Merdes v. Underwood

MATTHEWS, Justice,

dissenting.

I agree that the superior court erred in entering summary judgment against Merdes on equitable estoppel or on quasi-estoppel grounds. I differ with the majority in the resolution of those issues, however. As to estoppel, Underwood has not shown that he detrimentally relied on Merdes’ representations to the I.R.S., which indicated that Merdes was repaying the debt with interest. Absent a showing of detrimental reliance, no estoppel will lie. See Jamison v. Consolidated Utilities, 576 P.2d 97, 102 (Alaska 1978). As to quasi-es-toppel, Underwood has not shown that Merdes either gained an advantage or produced a disadvantage through his representations to the I.R.S. Merdes claims that as a business taxpayer, all of his payments, whether in principal or in interest, were tax deductible, and this claim is not contested by Underwood.

I also agree with the framing of the question on the merits in the majority opinion. The relevant question is whether there was agreement that Merdes would not pay interest in the future on the sum that he agreed to repay, $59,950.64. However, in my view no evidence has been presented which points to such an agreement. Merdes’ letter of January 29, 1980, which contains the notation “still owing, interest not included,” is an offer by Merdes to pay the $59,950.64 principal amount which his company owed, but not the interest which had accrued on or before December 31, 1980. On February 14, 1980 Underwood’s counsel accepted Merdes promise to assume personal responsibility for only $59,950.64, relieving him of liability for an alleged $12,476.68 in past due interest. Counsel also countered the payment term with the offer that Merdes would begin to repay the sum owed at $1,000 per month. Merdes’ response on March 15, 1980 accepted this counteroffer and he began making $1,000 payments at that time. Thus the agreement between the parties was that Merdes would pay the sum of $59,950.64 in installments of $1,000 per month. The agreement was made, and the debt became due, on March 15, 1980 because that is when Underwood’s counteroffer was accepted by Merdes. The agreement did not contain any terms protecting Merdes from paying future interest, on and after March 15, 1980, on the sum that he had agreed to pay.

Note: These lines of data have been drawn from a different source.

lemma cyc_pairs_insert_after:
  assumes "distinct xs" "n \<notin> set xs" "(a, b) \<in> cyc_pairs xs"
  shows "cyc_pairs (insert_after n a xs) = insert (a, n) (insert (n, b) (cyc_pairs xs - {(a, b)}))"
proof -
  have "a \<in> set xs"
    using assms(3) cyc_pairs_subset by blast
  then obtain ys zs where xs: "xs = ys @ a # zs"
    by (meson split_list)
  define ws where "ws = zs @ ys"
  have a_ws: "a \<notin> set ws" "distinct (a # ws)"
    using assms(1) xs by (auto simp: ws_def)
  define R where "R = set (zip ws (tl (ws @ [a])))"
  have pairs_xs: "cyc_pairs xs = insert (a, hd (ws @ [a])) R"
    using cyc_pairs_append_commute[of ys "a # zs"] by (simp add: xs ws_def R_def cyc_pairs_Cons)
  have b: "b = hd (ws @ [a])"
    using cyc_pairs_unique_snd[OF assms(1) assms(3)] pairs_xs by blast
  have "(a, b) \<notin> R"
    using a_ws(1) by (auto simp: R_def dest: set_zip_leftD)
  then have pairs_xs': "cyc_pairs xs - {(a, b)} = R"
    using pairs_xs b by blast
  have "zip (n # ws) (ws @ [a]) = (n, b) # zip ws (tl (ws @ [a]))"
    by (cases ws) (simp_all add: b)
  then have "cyc_pairs (insert_after n a xs) = insert (a, n) (insert (n, b) R)"
    using assms(1) cyc_pairs_append_commute[of ys "a # n # zs"]
    by (simp add: xs insert_after_append_Cons cyc_pairs_def R_def ws_def)
  then show ?thesis
    unfolding pairs_xs' .
qed

section \<open>Inserting the largest entry into a cycle\<close>

lemma finite_cycles: "finite (cycles n)"
proof -
  have "cycles n \<subseteq> {xs. set xs \<subseteq> {1..n} \<and> length xs = n}"
    by (auto simp: cycles_def dest: distinct_card)
  then show ?thesis
    using finite_lists_length_eq[of "{1..n}" n] by (auto intro: finite_subset)
qed

lemma finite_cycles_o: "finite (cycles_o n)"
  using finite_cycles[of n] by (auto simp: cycles_o_def intro: finite_subset)

lemma drop_pos_conv_cyc_pairs:
  "(\<lambda>i. (p ! i, p ! ((i + 1) mod length p))) ` drop_pos p = {(x, y) \<in> cyc_pairs p. y < x}"
proof -
  have "cyc_pairs p = (\<lambda>i. (p ! i, p ! ((i + 1) mod length p))) ` {..<length p}"
    by (auto simp: cyc_pairs_conv_nth nth_rotate1)
  then show ?thesis
    unfolding drop_pos_def by auto
qed

lemma cycles_o_iff:
  "p \<in> cycles_o n \<longleftrightarrow> p \<in> cycles n \<and> (\<forall>(x, y) \<in> cyc_pairs p. y < x \<longrightarrow> odd y)"
proof -
  have "(\<forall>i \<in> drop_pos p. odd (p ! ((i + 1) mod length p)))
      \<longleftrightarrow> (\<forall>(x, y) \<in> {(x, y) \<in> cyc_pairs p. y < x}. odd y)"
    unfolding drop_pos_conv_cyc_pairs[symmetric] by auto
  then show ?thesis
    unfolding cycles_o_def by auto
qed

definition eo_drops :: "nat list \<Rightarrow> (nat \<times> nat) set" where
  "eo_drops p = {(x, y) \<in> cyc_pairs p. y < x \<and> even x \<and> odd y}"

lemma drop_eo_eq_card:
  assumes "distinct p"
  shows "drop_eo p = card (eo_drops p)"
proof -
  let ?pair = "\<lambda>i. (p ! i, p ! ((i + 1) mod length p))"
  let ?I = "{i \<in> drop_pos p. even (p ! i) \<and> odd (p ! ((i + 1) mod length p))}"
  have inj: "inj_on ?pair ?I"
    using assms by (auto simp: inj_on_def drop_pos_def nth_eq_iff_index_eq)
  have "eo_drops p = {e \<in> {(x, y) \<in> cyc_pairs p. y < x}. even (fst e) \<and> odd (snd e)}"
    by (auto simp: eo_drops_def)
  then have image: "eo_drops p = ?pair ` ?I"
    unfolding drop_pos_conv_cyc_pairs[symmetric] Compr_image_eq by (simp only: fst_conv snd_conv)
  show ?thesis
    unfolding drop_eo_def image card_image[OF inj] ..
qed

definition odd_end_pairs :: "nat list \<Rightarrow> (nat \<times> nat) set" where
  "odd_end_pairs q = {(a, b) \<in> cyc_pairs q. odd b}"

lemma insert_after_mem_cycles_o:
  assumes "2 \<le> n" "q \<in> cycles_o (n - 1)" "(a, b) \<in> odd_end_pairs q"
  shows "insert_after n a q \<in> cycles_o n"
    and "cyc_pairs (insert_after n a q) = insert (a, n) (insert (n, b) (cyc_pairs q - {(a, b)}))"
proof -
  have q: "distinct q" "set q = {1..n - 1}" "hd q = 1"
    and q_drops: "\<forall>(x, y) \<in> cyc_pairs q. y < x \<longrightarrow> odd y"
    using assms(2) by (auto simp: cycles_o_iff cycles_def)
  have ab: "(a, b) \<in> cyc_pairs q" "odd b"
    using assms(3) by (auto simp: odd_end_pairs_def)
  have "a \<in> set q"
    using ab(1) cyc_pairs_subset by blast
  have "n \<notin> set q"
    using q(2) by auto
  show pairs: "cyc_pairs (insert_after n a q) = insert (a, n) (insert (n, b) (cyc_pairs q - {(a, b)}))"
    using cyc_pairs_insert_after[OF q(1) \<open>n \<notin> set q\<close> ab(1)] .
  have "insert_after n a q \<in> cycles n"
    using distinct_set_hd_insert_after[OF q(1) \<open>n \<notin> set q\<close> \<open>a \<in> set q\<close>] q assms(1)
    by (auto simp: cycles_def)
  moreover have "a < n"
    using \<open>a \<in> set q\<close> q(2) by auto
  then have "\<forall>(x, y) \<in> cyc_pairs (insert_after n a q). y < x \<longrightarrow> odd y"
    using q_drops ab(2) unfolding pairs by auto
  ultimately show "insert_after n a q \<in> cycles_o n"
    by (simp add: cycles_o_iff)
qed

lemma cycles_obtain_insert_after:
  assumes "2 \<le> n" "p \<in> cycles n"
  obtains q a where "q \<in> cycles (n - 1)" "a \<in> set q" "n \<notin> set q" "p = insert_after n a q"
proof -
  have p: "distinct p" "set p = {1..n}" "hd p = 1"
    using assms(2) by (auto simp: cycles_def)
  moreover have "n \<in> set p"
    using p(2) assms(1) by simp
  ultimately obtain xs ys where "p = xs @ n # ys"
    by (meson split_list)
  moreover have "xs \<noteq> []"
    using p(3) assms(1) \<open>p = xs @ n # ys\<close> by auto
  ultimately obtain zs a where p_split: "p = zs @ a # n # ys"
    by (metis append.assoc append_Cons append_Nil rev_exhaust)
  define q where "q = zs @ a # ys"
  have "set q = set p - {n}"
    using p(1) p_split by (auto simp: q_def)
  then have "set q = {1..n - 1}"
    using p(2) by auto
  moreover have "distinct q" "n \<notin> set q"
    using p(1) p_split by (auto simp: q_def)
  moreover have "hd q = 1"
    using p(3) p_split by (cases zs) (auto simp: q_def)
  ultimately have "q \<in> cycles (n - 1)" "n \<notin> set q"
    by (simp_all add: cycles_def)
  moreover have "p = insert_after n a q"
    using p(1) by (simp add: p_split q_def insert_after_append_Cons)
  ultimately show thesis
    using that[of q a] by (simp add: q_def)
qed

lemma cycles_o_obtain_insert_after:
  assumes "2 \<le> n" "p \<in> cycles_o n"
  obtains q a b where "q \<in> cycles_o (n - 1)" "(a, b) \<in> odd_end_pairs q" "p = insert_after n a q"
proof -
  have p_drops: "\<forall>(x, y) \<in> cyc_pairs p. y < x \<longrightarrow> odd y"
    using assms(2) by (simp add: cycles_o_iff)
  have "p \<in> cycles n"
    using assms(2) by (simp add: cycles_o_def)
  then obtain q a where q: "q \<in> cycles (n - 1)" "a \<in> set q" "n \<notin> set q"
    and p_eq: "p = insert_after n a q"
    using cycles_obtain_insert_after[OF assms(1)] by blast
  have "a \<in> fst ` cyc_pairs q"
    using q(2) by simp
  then obtain b where ab: "(a, b) \<in> cyc_pairs q"
    by force
  have "distinct q"
    using q(1) by (simp add: cycles_def)
  then have pairs: "cyc_pairs p = insert (a, n) (insert (n, b) (cyc_pairs q - {(a, b)}))"
    unfolding p_eq by (rule cyc_pairs_insert_after[OF _ q(3) ab])
  have "b \<in> set q"
    using ab cyc_pairs_subset by blast
  then have "b < n"
    using q(1) by (auto simp: cycles_def)
  then have "odd b"
    using p_drops pairs by auto
  have "\<forall>(x, y) \<in> cyc_pairs q. y < x \<longrightarrow> odd y"
    using p_drops \<open>odd b\<close> unfolding pairs by auto
  then have "q \<in> cycles_o (n - 1)"
    using q(1) by (simp add: cycles_o_iff)
  moreover have "(a, b) \<in> odd_end_pairs q"
    using ab \<open>odd b\<close> by (simp add: odd_end_pairs_def)
  ultimately show thesis
    using that p_eq by blast
qed

lemma insert_after_inj:
  assumes "2 \<le> n"
    and q: "q \<in> cycles_o (n - 1)" "(a, b) \<in> odd_end_pairs q"
    and q': "q' \<in> cycles_o (n - 1)" "(a', b') \<in> odd_end_pairs q'"
    and eq: "insert_after n a q = insert_after n a' q'"
  shows "q = q'" "a = a'" "b = b'"
proof -
  let ?p = "insert_after n a q"
  have "n \<notin> set q" "n \<notin> set q'"
    using q(1) q'(1) by (auto simp: cycles_o_def cycles_def)
  then show "q = q'"
    using eq by (metis filter_insert_after)
  have "distinct ?p"
    using insert_after_mem_cycles_o(1)[OF assms(1) q] by (simp add: cycles_o_def cycles_def)
  moreover have "(a, n) \<in> cyc_pairs ?p" "(n, b) \<in> cyc_pairs ?p"
    using insert_after_mem_cycles_o(2)[OF assms(1) q] by auto
  moreover have "(a', n) \<in> cyc_pairs ?p" "(n, b') \<in> cyc_pairs ?p"
    using insert_after_mem_cycles_o(2)[OF assms(1) q'] eq by auto
  ultimately show "a = a'" "b = b'"
    by (simp_all add: cyc_pairs_unique_fst cyc_pairs_unique_snd)
qed

lemma bij_betw_insert_after:
  assumes "2 \<le> n"
  shows "bij_betw (\<lambda>(q, a, b). insert_after n a q)
    (SIGMA q:cycles_o (n - 1). odd_end_pairs q) (cycles_o n)"
proof (rule bij_betw_imageI)
  show "inj_on (\<lambda>(q, a, b). insert_after n a q) (SIGMA q:cycles_o (n - 1). odd_end_pairs q)"
  proof (rule inj_onI)
    fix x x'
    assume "x \<in> (SIGMA q:cycles_o (n - 1). odd_end_pairs q)"
      and "x' \<in> (SIGMA q:cycles_o (n - 1). odd_end_pairs q)"
      and "(\<lambda>(q, a, b). insert_after n a q) x = (\<lambda>(q, a, b). insert_after n a q) x'"
    moreover obtain q a b q' a' b' where "x = (q, a, b)" "x' = (q', a', b')"
      by (metis prod_cases3)
    ultimately show "x = x'"
      using insert_after_inj[OF assms, of q a b q' a' b'] by simp
  qed
  show "(\<lambda>(q, a, b). insert_after n a q) ` (SIGMA q:cycles_o (n - 1). odd_end_pairs q) = cycles_o n"
  proof
    show "(\<lambda>(q, a, b). insert_after n a q) ` (SIGMA q:cycles_o (n - 1). odd_end_pairs q) \<subseteq> cycles_o n"
      using insert_after_mem_cycles_o(1)[OF assms] by auto
    show "cycles_o n \<subseteq> (\<lambda>(q, a, b). insert_after n a q) ` (SIGMA q:cycles_o (n - 1). odd_end_pairs q)"
      by (force elim: cycles_o_obtain_insert_after[OF assms])
  qed
qed

lemma card_odd_atLeastAtMost: "card {y \<in> {1..m::nat}. odd y} = (m + 1) div 2"
proof (induction m)
  case (Suc m)
  have "{y \<in> {1..Suc m}. odd y} = {y \<in> {1..m}. odd y} \<union> (if odd (Suc m) then {Suc m} else {})"
    by (auto simp: le_Suc_eq)
  with Suc show ?case
    by auto
qed simp

lemma card_odd_end_pairs:
  assumes "q \<in> cycles m"
  shows "card (odd_end_pairs q) = (m + 1) div 2"
proof -
  have q: "distinct q" "set q = {1..m}"
    using assms by (auto simp: cycles_def)
  have "odd_end_pairs q = {e \<in> cyc_pairs q. odd (snd e)}"
    by (auto simp: odd_end_pairs_def)
  then have "snd ` odd_end_pairs q = {y \<in> {1..m}. odd y}"
    using Compr_image_eq[of snd "cyc_pairs q" odd] q(2) by simp
  moreover have "inj_on snd (odd_end_pairs q)"
    by (rule inj_onI) (auto simp: odd_end_pairs_def intro: cyc_pairs_unique_fst[OF q(1)])
  ultimately show ?thesis
    using card_image card_odd_atLeastAtMost by metis
qed

lemma card_eo_drops_insert_after:
  assumes "2 \<le> n" "q \<in> cycles_o (n - 1)" "e \<in> odd_end_pairs q"
  shows "card (eo_drops (insert_after n (fst e) q))
    = card (eo_drops q) - (if e \<in> eo_drops q then 1 else 0) + (if even n then 1 else 0)"
proof -
  obtain a b where e: "e = (a, b)"
    by fastforce
  have q: "set q = {1..n - 1}"
    using assms(2) by (simp add: cycles_o_def cycles_def)
  have ab: "(a, b) \<in> cyc_pairs q" "odd b"
    using assms(3) by (simp_all add: e odd_end_pairs_def)
  then have "a \<in> set q" "b \<in> set q"
    using cyc_pairs_subset by blast+
  then have "a < n" "b < n" "n \<notin> set q"
    using q by auto
  then have "(n, b) \<notin> cyc_pairs q"
    using cyc_pairs_subset by blast
  then have "eo_drops (insert_after n a q) = (eo_drops q - {(a, b)}) \<union> (if even n then {(n, b)} else {})"
    using \<open>a < n\<close> \<open>b < n\<close> ab(2)
    unfolding eo_drops_def insert_after_mem_cycles_o(2)[OF assms(1,2) assms(3)[unfolded e]]
    by auto
  moreover have "(n, b) \<notin> eo_drops q"
    using \<open>(n, b) \<notin> cyc_pairs q\<close> by (simp add: eo_drops_def)
  moreover have "finite (eo_drops q)"
    by (rule finite_subset[OF _ finite_cyc_pairs]) (auto simp: eo_drops_def)
  ultimately show ?thesis
    by (auto simp: e card_insert_if)
qed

Under the rule set forth in the majority opinion, interest runs on a debt from the date that the debt becomes due, unless the parties otherwise agree. In this case the parties do not contend that their contract consists of writings other than the three letters mentioned, or of any conversations. In such circumstances, the meaning of the writings which constitute the contract is a question for the court which is appropriate *253for resolution on summary judgment. Peterson v. Wirum, 625 P.2d 866, 870 (Alaska 1981). The only reasonable interpretation of the writings, in my view, is that there was no agreement not to pay interest after March 15 on the principal sum. Thus, Underwood was entitled to summary judgment awarding him interest from the date that the debt became due, on the basis of the parties’ contract.

Underwood, however, was not entitled to interest at the rate of 12%, as he claims. The writings which constitute the contract are before us and they clearly show that there was no agreement on the part of Merdes to pay 12% interest.1 Under such circumstances, the statutory rate of interest, 8% as of March 15, 1980, should be imposed. AS 09.30.070, ch. 107, § 1, SLA 1980; AS 45.45.010(a), ch. 107, § 2, SLA 1980.

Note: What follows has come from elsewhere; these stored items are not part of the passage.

lemma rtrancl_preimage:
  assumes "inj f"
    and closed: "\<And>u w. P u \<Longrightarrow> (f u, w) \<in> r \<Longrightarrow> \<exists>v. w = f v \<and> P v"
    and "P u"
  shows "(f u, w) \<in> r\<^sup>* \<longleftrightarrow> (\<exists>v. w = f v \<and> P v \<and> (u, v) \<in> {(u, v). P u \<and> P v \<and> (f u, f v) \<in> r}\<^sup>*)"
    (is "_ \<longleftrightarrow> (\<exists>v. _ \<and> _ \<and> (u, v) \<in> ?r'\<^sup>*)")
proof
  assume "(f u, w) \<in> r\<^sup>*"
  then show "\<exists>v. w = f v \<and> P v \<and> (u, v) \<in> ?r'\<^sup>*"
  proof (induction rule: rtrancl_induct)
    case base
    then show ?case using \<open>P u\<close> by blast
  next
    case (step w w')
    then obtain v where v: "w = f v" "P v" "(u, v) \<in> ?r'\<^sup>*" by blast
    moreover obtain v' where "w' = f v'" "P v'"
      using closed[of v w'] step(2) v by blast
    ultimately show ?case
      using step(2) by (blast intro: rtrancl_into_rtrancl)
  qed
next
  assume "\<exists>v. w = f v \<and> P v \<and> (u, v) \<in> ?r'\<^sup>*"
  then obtain v where "w = f v" "(u, v) \<in> ?r'\<^sup>*" by blast
  moreover have "(f u, f v) \<in> r\<^sup>*" if "(u, v) \<in> ?r'\<^sup>*" for v
    using that by (induction rule: rtrancl_induct) (auto intro: rtrancl_into_rtrancl)
  ultimately show "(f u, w) \<in> r\<^sup>*" by blast
qed

lemma image_emb_restrict_block:
  fixes emb :: "point \<Rightarrow> nat \<times> nat"
  assumes emb_shift: "\<And>p. emb (shift s p) = shift s (emb p)"
    and snd_emb: "\<And>p. snd (emb p) = snd p" and "inj emb"
  shows "(u, v) \<in> (\<lambda>(p, q). (emb p, emb q)) ` restrict_block s a z \<longleftrightarrow>
    snd u < a \<and> snd v < a \<and> (shift s u, shift s v) \<in> (\<lambda>(p, q). (emb p, emb q)) ` z"
proof
  assume "(u, v) \<in> (\<lambda>(p, q). (emb p, emb q)) ` restrict_block s a z"
  then show "snd u < a \<and> snd v < a \<and> (shift s u, shift s v) \<in> (\<lambda>(p, q). (emb p, emb q)) ` z"
    by (force simp: restrict_block_def emb_shift snd_emb)
next
  assume "snd u < a \<and> snd v < a \<and> (shift s u, shift s v) \<in> (\<lambda>(p, q). (emb p, emb q)) ` z"
  then obtain p q where uv: "snd u < a" "snd v < a" and pq: "(p, q) \<in> z"
    and eq: "shift s u = emb p" "shift s v = emb q"
    by auto
  have "s \<le> snd p" "s \<le> snd q"
    using arg_cong[OF eq(1), of snd] arg_cong[OF eq(2), of snd] by (simp_all add: snd_emb)
  then obtain p0 q0 where p0: "p = shift s p0" and q0: "q = shift s q0"
    using shift_cases by metis
  have "u = emb p0" "v = emb q0"
    using eq inj_shift unfolding p0 q0 emb_shift by (auto dest: injD)
  with uv pq show "(u, v) \<in> (\<lambda>(p, q). (emb p, emb q)) ` restrict_block s a z"
    unfolding p0 q0 restrict_block_def by (auto simp: snd_emb)
qed

lemma stack_edges_restrict_block:
  "stack_edges (restrict_block s a x) (restrict_block s a y) =
     {(u, v). snd u < a \<and> snd v < a \<and> (shift s u, shift s v) \<in> stack_edges x y}"
proof -
  have "inj embA" "inj embB"
    by (auto intro!: injI simp: embA_def embB_def split: prod.splits side.splits)
  note A = image_emb_restrict_block[OF emb_shift(2) snd_emb(2) this(1)]
    and B = image_emb_restrict_block[OF emb_shift(3) snd_emb(3) this(2)]
  show ?thesis
  proof (rule set_eqI)
    fix uv :: "(nat \<times> nat) \<times> (nat \<times> nat)"
    obtain u v where uv: "uv = (u, v)" by (cases uv) blast
    show "uv \<in> stack_edges (restrict_block s a x) (restrict_block s a y) \<longleftrightarrow>
      uv \<in> {(u, v). snd u < a \<and> snd v < a \<and> (shift s u, shift s v) \<in> stack_edges x y}"
      unfolding uv stack_edges_def Un_iff A B by blast
  qed
qed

For the above reasons I would reverse the judgment of the superior court and remand this case with instructions for the entry of judgment in a sum which reflects Merdes’ obligation to pay the sum of $59,-950.64, with interest at the rate of 8% accruing from and after March 15, 1980.

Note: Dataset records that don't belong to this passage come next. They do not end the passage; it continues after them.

section \<open>Linear growth from a slope bound\<close>

lemma nonpos_if_decreasing_at_zeros:
  fixes h h' :: "real \<Rightarrow> real"
  assumes der: "\<And>r. DERIV h r :> h' r"
    and h0: "h 0 \<le> 0"
    and zeros: "\<And>r. 0 \<le> r \<Longrightarrow> r \<le> L \<Longrightarrow> h r = 0 \<Longrightarrow> h' r < 0"
    and r: "0 \<le> r1" "r1 \<le> L"
  shows "h r1 \<le> 0"
proof (rule ccontr)
  assume pos: "\<not> h r1 \<le> 0"
  have cont: "continuous_on UNIV h"
    using der by (meson DERIV_isCont continuous_at_imp_continuous_on)
  define S where "S = {0..r1} \<inter> {r. h r \<le> 0}"
  have "compact S"
    unfolding S_def by (intro compact_Int_closed closed_Collect_le continuous_intros cont compact_Icc)
  moreover have "0 \<in> S" using h0 r unfolding S_def by auto
  ultimately obtain rs where rs: "rs \<in> S" and rs_max: "\<forall>y\<in>S. y \<le> rs"
    using compact_attains_sup by blast
  have rs_r1: "rs < r1" using rs pos unfolding S_def by (cases "rs = r1") auto
  have above: "h y > 0" if "rs < y" "y \<le> r1" for y
  proof (rule ccontr)
    assume "\<not> h y > 0"
    hence "y \<in> S" using that rs unfolding S_def by auto
    thus False using rs_max that by force
  qed
  have "h rs = 0"
  proof (rule ccontr)
    assume "h rs \<noteq> 0"
    hence "h rs < 0" using rs unfolding S_def by auto
    moreover have "isCont h rs" using der DERIV_isCont by blast
    ultimately have "eventually (\<lambda>y. h y < 0) (at rs)"
      using order_tendstoD(2) unfolding isCont_def by blast
    then obtain d where d: "d > 0" "\<And>y. y \<noteq> rs \<Longrightarrow> dist y rs < d \<Longrightarrow> h y < 0"
      unfolding eventually_at by auto
    define y where "y = min (rs + d/2) r1"
    have "rs < y" "y \<le> r1" "h y < 0"
      using d rs_r1 unfolding y_def dist_real_def by auto
    thus False using above by force
  qed
  then obtain d where d: "d > 0" "\<And>e. e > 0 \<Longrightarrow> e < d \<Longrightarrow> h (rs + e) < h rs"
    using DERIV_neg_dec_right[OF der] zeros rs r unfolding S_def by force
  define e where "e = min (d/2) (r1 - rs)"
  have "e > 0" "e < d" "rs + e \<le> r1" using d rs_r1 unfolding e_def by auto
  thus False using d(2) above \<open>h rs = 0\<close> by force
qed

. Merdes declined Underwood’s offer to have the corporation confess judgment at the rate of 12% interest, insisting on interest at the lower statutory rate. It seems highly improbable that Merdes would assume personal responsibility for interest at the rate of 12%, when the corporation was liable for less. Furthermore, neither party has testified that Merdes promised to pay 12% interest on the debt.